Choreographer Anne Teresa De Keersmaeker’s breakthrough came in 1982, at the age of 21, with Fase, Four Movements to the Music of Steve Reich. For 36 years, she continued to dance the now-iconic piece herself, all the while building a rigorous and celebrated body of work exploring geometry, musical and social structures, and the relationship between music and dance. In 2018, for the first time, De Keersmaeker passed Fase to a new generation of dancers from her company, Rosas, signaling the beginning of a new phase. Its presentation at the ICA marks the company’s first appearance in Boston in more than 30 years.

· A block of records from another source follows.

(* Let $\mathcal V,\mathcal W$ be operator spaces and $\Omega\subseteq\mathcal V_{\mathrm{nc}}$ a uniformly open nc set. For a nc function $f:\Omega\to\mathcal W_{\mathrm{nc}}$ the following are equivalent: $f$ is uniformly locally bounded; $f$ is continuous with respect to the uniformly-open topologies on $\mathcal V_{\mathrm{nc}}$ and $\mathcal W_{\mathrm{nc}}$; $f$ is uniformly analytic.
   Context: An operator space is a complex Banach space $\mathcal V$ with norms $\|\cdot\|_n$ on $\mathcal V^{n\times n}$ such that $\|X\oplus Y\|_{n+m}=\max\{\|X\|_n,\|Y\|_m\}$ and $\|TXS\|_n\le\|T\|\|X\|_n\|S\|$ for $T,S\in\mathbb C^{n\times n}$, where $X\oplus Y=\begin{bmatrix}X&0\\0&Y\end{bmatrix}$. $\mathcal V_{\mathrm{nc}}=\coprod_n\mathcal V^{n\times n}$. For $Y\in\mathcal V^{s\times s}$, $r>0$, $B_{\mathrm{nc}}(Y,r)=\coprod_m\{X\in\mathcal V^{sm\times sm}:\|X-\bigoplus_{\alpha=1}^mY\|_{sm}<r\}$; nc balls form a base of a topology on $\mathcal V_{\mathrm{nc}}$, the uniformly-open topology (its open sets are uniformly open). A nc set is closed under direct sums, $\Omega_n=\Omega\cap\mathcal V^{n\times n}$; a nc function satisfies $f(\Omega_n)\subseteq\mathcal W^{n\times n}$, $f(X\oplus Y)=f(X)\oplus f(Y)$, $f(SXS^{-1})=Sf(X)S^{-1}$ for invertible $S\in\mathbb C^{n\times n}$ with $X,SXS^{-1}\in\Omega_n$. $f$ is uniformly locally bounded if for every $s$ and $Y\in\Omega_s$ there is $r>0$ with $B_{\mathrm{nc}}(Y,r)\subseteq\Omega$ and $\sup\{\|f(X)\|_{sm}:m\in\mathbb N,X\in B_{\mathrm{nc}}(Y,r)\cap\mathcal V^{sm\times sm}\}<\infty$. $f$ is G-differentiable if for all $n$, $X\in\Omega_n$, $Z\in\mathcal V^{n\times n}$, $\lim_{t\to0}(f(X+tZ)-f(X))/t$ exists in $\mathcal W^{n\times n}$; $f$ is uniformly analytic if it is uniformly locally bounded and G-differentiable. *)

theory Defs
  imports "HOL-Analysis.Analysis"
begin

class complex_vector = real_vector +
  fixes scaleC :: "complex \<Rightarrow> 'a \<Rightarrow> 'a"  (infixr \<open>*\<^sub>C\<close> 75)
  assumes scaleR_scaleC: "scaleR r = scaleC (complex_of_real r)"
    and scaleC_add_right: "scaleC a (x + y) = scaleC a x + scaleC a y"
    and scaleC_add_left: "scaleC (a + b) x = scaleC a x + scaleC b x"
    and scaleC_scaleC: "scaleC a (scaleC b x) = scaleC (a * b) x"
    and scaleC_one: "scaleC 1 x = x"

class complex_normed_vector = complex_vector + real_normed_vector +
  assumes norm_scaleC: "norm (scaleC a x) = cmod a * norm x"

text \<open>Matrices of size n over a type are represented as functions nat => nat => 'a
  that vanish outside the index block {0..<n} x {0..<n}.\<close>

definition mats :: "nat \<Rightarrow> (nat \<Rightarrow> nat \<Rightarrow> 'a::zero) set" where
  "mats n = {X. \<forall>i j. (n \<le> i \<or> n \<le> j) \<longrightarrow> X i j = 0}"

definition ncspace :: "(nat \<times> (nat \<Rightarrow> nat \<Rightarrow> 'a::zero)) set" where
  "ncspace = {(n, X). 1 \<le> n \<and> X \<in> mats n}"

definition dsum :: "nat \<Rightarrow> nat \<Rightarrow> (nat \<Rightarrow> nat \<Rightarrow> 'a::zero) \<Rightarrow> (nat \<Rightarrow> nat \<Rightarrow> 'a)
    \<Rightarrow> nat \<Rightarrow> nat \<Rightarrow> 'a" where
  "dsum n m X Y = (\<lambda>i j. if i < n \<and> j < n then X i j
      else if n \<le> i \<and> n \<le> j \<and> i < n + m \<and> j < n + m then Y (i - n) (j - n) else 0)"

definition dsum_rep :: "nat \<Rightarrow> nat \<Rightarrow> (nat \<Rightarrow> nat \<Rightarrow> 'a::zero) \<Rightarrow> nat \<Rightarrow> nat \<Rightarrow> 'a" where
  "dsum_rep s m Y = (\<lambda>i j. if i div s = j div s \<and> i < s * m \<and> j < s * m
      then Y (i mod s) (j mod s) else 0)"

definition cmat_mult :: "nat \<Rightarrow> (nat \<Rightarrow> nat \<Rightarrow> complex) \<Rightarrow> (nat \<Rightarrow> nat \<Rightarrow> complex)
    \<Rightarrow> nat \<Rightarrow> nat \<Rightarrow> complex" where
  "cmat_mult n A B = (\<lambda>i j. if i < n \<and> j < n then (\<Sum>k<n. A i k * B k j) else 0)"

definition cmat_id :: "nat \<Rightarrow> nat \<Rightarrow> nat \<Rightarrow> complex" where
  "cmat_id n = (\<lambda>i j. if i < n \<and> j < n \<and> i = j then 1 else 0)"

definition cmat_norm :: "nat \<Rightarrow> (nat \<Rightarrow> nat \<Rightarrow> complex) \<Rightarrow> real" where
  "cmat_norm n T = Sup {sqrt (\<Sum>i<n. (cmod (\<Sum>j<n. T i j * x j))\<^sup>2) | x.
                        (\<Sum>j<n. (cmod (x j))\<^sup>2) \<le> 1}"

definition cmul :: "nat \<Rightarrow> (nat \<Rightarrow> nat \<Rightarrow> complex) \<Rightarrow> (nat \<Rightarrow> nat \<Rightarrow> 'v::complex_vector)
    \<Rightarrow> (nat \<Rightarrow> nat \<Rightarrow> complex) \<Rightarrow> nat \<Rightarrow> nat \<Rightarrow> 'v" where
  "cmul n T X S = (\<lambda>i j. if i < n \<and> j < n
      then (\<Sum>k<n. \<Sum>l<n. (T i k * S l j) *\<^sub>C X k l) else 0)"

text \<open>Operator space structure on a complex Banach space 'v: matrix norms nrm n on
  V^{n x n} (nrm 1 being the given norm of V) satisfying Ruan's axioms.\<close>
definition operator_space ::
  "(nat \<Rightarrow> (nat \<Rightarrow> nat \<Rightarrow> 'v::{complex_normed_vector,banach}) \<Rightarrow> real) \<Rightarrow> bool" where
  "operator_space nrm \<longleftrightarrow>
     (\<forall>X\<in>mats 1. nrm 1 X = norm (X 0 0)) \<and>
     (\<forall>n\<ge>1. \<forall>X\<in>mats n. \<forall>Y\<in>mats n.
        nrm n (\<lambda>i j. X i j + Y i j) \<le> nrm n X + nrm n Y) \<and>
     (\<forall>n\<ge>1. \<forall>X\<in>mats n. \<forall>c. nrm n (\<lambda>i j. c *\<^sub>C X i j) = cmod c * nrm n X) \<and>
     (\<forall>n\<ge>1. \<forall>X\<in>mats n. nrm n X = 0 \<longleftrightarrow> X = (\<lambda>i j. 0)) \<and>
     (\<forall>n\<ge>1. \<forall>m\<ge>1. \<forall>X\<in>mats n. \<forall>Y\<in>mats m.
        nrm (n + m) (dsum n m X Y) = max (nrm n X) (nrm m Y)) \<and>
     (\<forall>n\<ge>1. \<forall>X\<in>mats n. \<forall>T\<in>mats n. \<forall>S\<in>mats n.
        nrm n (cmul n T X S) \<le> cmat_norm n T * nrm n X * cmat_norm n S)"

definition ncball :: "(nat \<Rightarrow> (nat \<Rightarrow> nat \<Rightarrow> 'v::complex_normed_vector) \<Rightarrow> real)
    \<Rightarrow> nat \<Rightarrow> (nat \<Rightarrow> nat \<Rightarrow> 'v) \<Rightarrow> real \<Rightarrow> (nat \<times> (nat \<Rightarrow> nat \<Rightarrow> 'v)) set" where
  "ncball nrm s Y r = {(k, X). \<exists>m\<ge>1. k = s * m \<and> X \<in> mats k \<and>
       nrm k (\<lambda>i j. X i j - dsum_rep s m Y i j) < r}"

definition nc_top :: "(nat \<Rightarrow> (nat \<Rightarrow> nat \<Rightarrow> 'v::complex_normed_vector) \<Rightarrow> real)
    \<Rightarrow> (nat \<times> (nat \<Rightarrow> nat \<Rightarrow> 'v)) topology" where
  "nc_top nrm = topology_generated_by
     {ncball nrm s Y r | s Y r. 1 \<le> s \<and> Y \<in> mats s \<and> 0 < r}"

definition nc_set :: "(nat \<times> (nat \<Rightarrow> nat \<Rightarrow> 'a::zero)) set \<Rightarrow> bool" where
  "nc_set \<Omega> \<longleftrightarrow> \<Omega> \<subseteq> ncspace \<and>
     (\<forall>n X m Y. (n, X) \<in> \<Omega> \<and> (m, Y) \<in> \<Omega> \<longrightarrow> (n + m, dsum n m X Y) \<in> \<Omega>)"

definition nc_function :: "(nat \<times> (nat \<Rightarrow> nat \<Rightarrow> 'v::complex_vector)) set
    \<Rightarrow> (nat \<times> (nat \<Rightarrow> nat \<Rightarrow> 'v) \<Rightarrow> nat \<times> (nat \<Rightarrow> nat \<Rightarrow> 'w::complex_vector)) \<Rightarrow> bool" where
  "nc_function \<Omega> f \<longleftrightarrow>
     (\<forall>n X. (n, X) \<in> \<Omega> \<longrightarrow> f (n, X) \<in> ncspace \<and> fst (f (n, X)) = n) \<and>
     (\<forall>n X m Y. (n, X) \<in> \<Omega> \<and> (m, Y) \<in> \<Omega> \<longrightarrow>
        f (n + m, dsum n m X Y) = (n + m, dsum n m (snd (f (n, X))) (snd (f (m, Y))))) \<and>
     (\<forall>n S Sinv X. S \<in> mats n \<and> Sinv \<in> mats n \<and>
        cmat_mult n S Sinv = cmat_id n \<and> cmat_mult n Sinv S = cmat_id n \<and>
        (n, X) \<in> \<Omega> \<and> (n, cmul n S X Sinv) \<in> \<Omega> \<longrightarrow>
        f (n, cmul n S X Sinv) = (n, cmul n S (snd (f (n, X))) Sinv))"

definition uniformly_locally_bounded ::
  "(nat \<Rightarrow> (nat \<Rightarrow> nat \<Rightarrow> 'v::complex_normed_vector) \<Rightarrow> real)
   \<Rightarrow> (nat \<Rightarrow> (nat \<Rightarrow> nat \<Rightarrow> 'w::complex_normed_vector) \<Rightarrow> real)
   \<Rightarrow> (nat \<times> (nat \<Rightarrow> nat \<Rightarrow> 'v)) set
   \<Rightarrow> (nat \<times> (nat \<Rightarrow> nat \<Rightarrow> 'v) \<Rightarrow> nat \<times> (nat \<Rightarrow> nat \<Rightarrow> 'w)) \<Rightarrow> bool" where
  "uniformly_locally_bounded nrmV nrmW \<Omega> f \<longleftrightarrow>
     (\<forall>s Y. (s, Y) \<in> \<Omega> \<longrightarrow> (\<exists>r>0. ncball nrmV s Y r \<subseteq> \<Omega> \<and>
        (\<exists>M. \<forall>k X. (k, X) \<in> ncball nrmV s Y r \<longrightarrow> nrmW k (snd (f (k, X))) \<le> M)))"

definition G_differentiable ::
  "(nat \<Rightarrow> (nat \<Rightarrow> nat \<Rightarrow> 'w::complex_normed_vector) \<Rightarrow> real)
   \<Rightarrow> (nat \<times> (nat \<Rightarrow> nat \<Rightarrow> 'v::complex_normed_vector)) set
   \<Rightarrow> (nat \<times> (nat \<Rightarrow> nat \<Rightarrow> 'v) \<Rightarrow> nat \<times> (nat \<Rightarrow> nat \<Rightarrow> 'w)) \<Rightarrow> bool" where
  "G_differentiable nrmW \<Omega> f \<longleftrightarrow>
     (\<forall>n X Z. (n, X) \<in> \<Omega> \<and> Z \<in> mats n \<longrightarrow>
        (\<exists>L\<in>mats n. ((\<lambda>t::complex. nrmW n (\<lambda>i j.
            inverse t *\<^sub>C (snd (f (n, \<lambda>p q. X p q + t *\<^sub>C Z p q)) i j - snd (f (n, X)) i j)
            - L i j)) \<longlongrightarrow> 0) (at 0)))"

definition uniformly_analytic where
  "uniformly_analytic nrmV nrmW \<Omega> f \<longleftrightarrow>
     uniformly_locally_bounded nrmV nrmW \<Omega> f \<and> G_differentiable nrmW \<Omega> f"

end

theory Submission
  imports Defs
begin

text \<open>Everything rests on one estimate: if \<open>\<parallel>f\<parallel> \<le> M\<close> on the nc ball \<open>B(Y, r)\<close>, then \<open>f\<close> is
  \<open>4M/r\<close>-Lipschitz on \<open>B(Y, r/2)\<close>, uniformly in the matrix level. Conjugating \<open>X1 \<oplus> X2\<close> by the shear
  \<open>[[I, c I], [0, I]]\<close> gives \<open>[[X1, c (X2 - X1)], [0, X2]]\<close>, which stays in \<open>B(Y, r)\<close> when
  \<open>|c| \<parallel>X1 - X2\<parallel> = r/4\<close>; as \<open>f\<close> respects direct sums and similarities, its value there has upper right
  corner \<open>c (f X2 - f X1)\<close>, and a corner is no larger in norm than the whole matrix (Ruan's axiom).

  The Lipschitz estimate makes \<open>f\<close> continuous for the uniformly-open topologies; conversely, the preimage
  of the unit nc ball about \<open>f Y\<close> is a uniformly open neighbourhood of \<open>Y\<close> on which \<open>f\<close> is bounded.
  Finally, \<open>[[X, \<epsilon> Z], [0, X + t Z]]\<close> is the shear conjugate of \<open>X \<oplus> (X + t Z)\<close> with \<open>c = \<epsilon>/t\<close>, so the
  difference quotient of \<open>f\<close> at \<open>X\<close> in direction \<open>Z\<close> is \<open>1/\<epsilon>\<close> times a corner of \<open>f\<close> at that block;
  by the Lipschitz estimate it converges as \<open>t \<rightarrow> 0\<close>, which gives G-differentiability.\<close>

lemma scaleC_zero_right [simp]: "a *\<^sub>C (0::'a::complex_vector) = 0"
  by (metis add_cancel_right_right scaleC_add_right)

lemma scaleC_zero_left [simp]: "0 *\<^sub>C (x::'a::complex_vector) = 0"
  by (metis of_real_0 scaleR_scaleC scaleR_zero_left)

lemma scaleC_minus_left: "(- a) *\<^sub>C x = - (a *\<^sub>C (x::'a::complex_vector))"
  by (metis of_real_1 of_real_minus scaleR_minus1_left scaleR_scaleC mult_minus1 scaleC_scaleC)

lemma scaleC_diff_right: "a *\<^sub>C (x - y) = a *\<^sub>C x - a *\<^sub>C (y::'a::complex_vector)"
  by (metis add_diff_cancel scaleC_add_right diff_add_cancel)

lemma scaleC_sum_right: "a *\<^sub>C (\<Sum>k\<in>A. g k) = (\<Sum>k\<in>A. a *\<^sub>C (g k::'a::complex_vector))"
  by (induction A rule: infinite_finite_induct) (auto simp: scaleC_add_right)

lemma mats_outside: "X \<in> mats n \<Longrightarrow> \<not> (i < n \<and> j < n) \<Longrightarrow> X i j = 0"
  by (auto simp: mats_def)

lemma mats_add [intro]: "X \<in> mats n \<Longrightarrow> Y \<in> mats n \<Longrightarrow> (\<lambda>i j. X i j + Y i j) \<in> mats n"
  for X Y :: "nat \<Rightarrow> nat \<Rightarrow> 'a::monoid_add"
  by (auto simp: mats_def)

lemma mats_diff [intro]: "X \<in> mats n \<Longrightarrow> Y \<in> mats n \<Longrightarrow> (\<lambda>i j. X i j - Y i j) \<in> mats n"
  for X Y :: "nat \<Rightarrow> nat \<Rightarrow> 'a::ab_group_add"
  by (auto simp: mats_def)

Here De Keersmaeker discusses the relationship between the past and present of the piece, and the road travelled between both versions, with dramaturg Floor Keersmaeker.

Together with Rosas danst Rosas, Fase is the performance that has been on stage the most of all pieces, and has remained on the program all this time. Now, the time to pass on the choreography to a new generation of dancers seems to have come. Would you mind explaining why Fase is so important to you and to Rosas?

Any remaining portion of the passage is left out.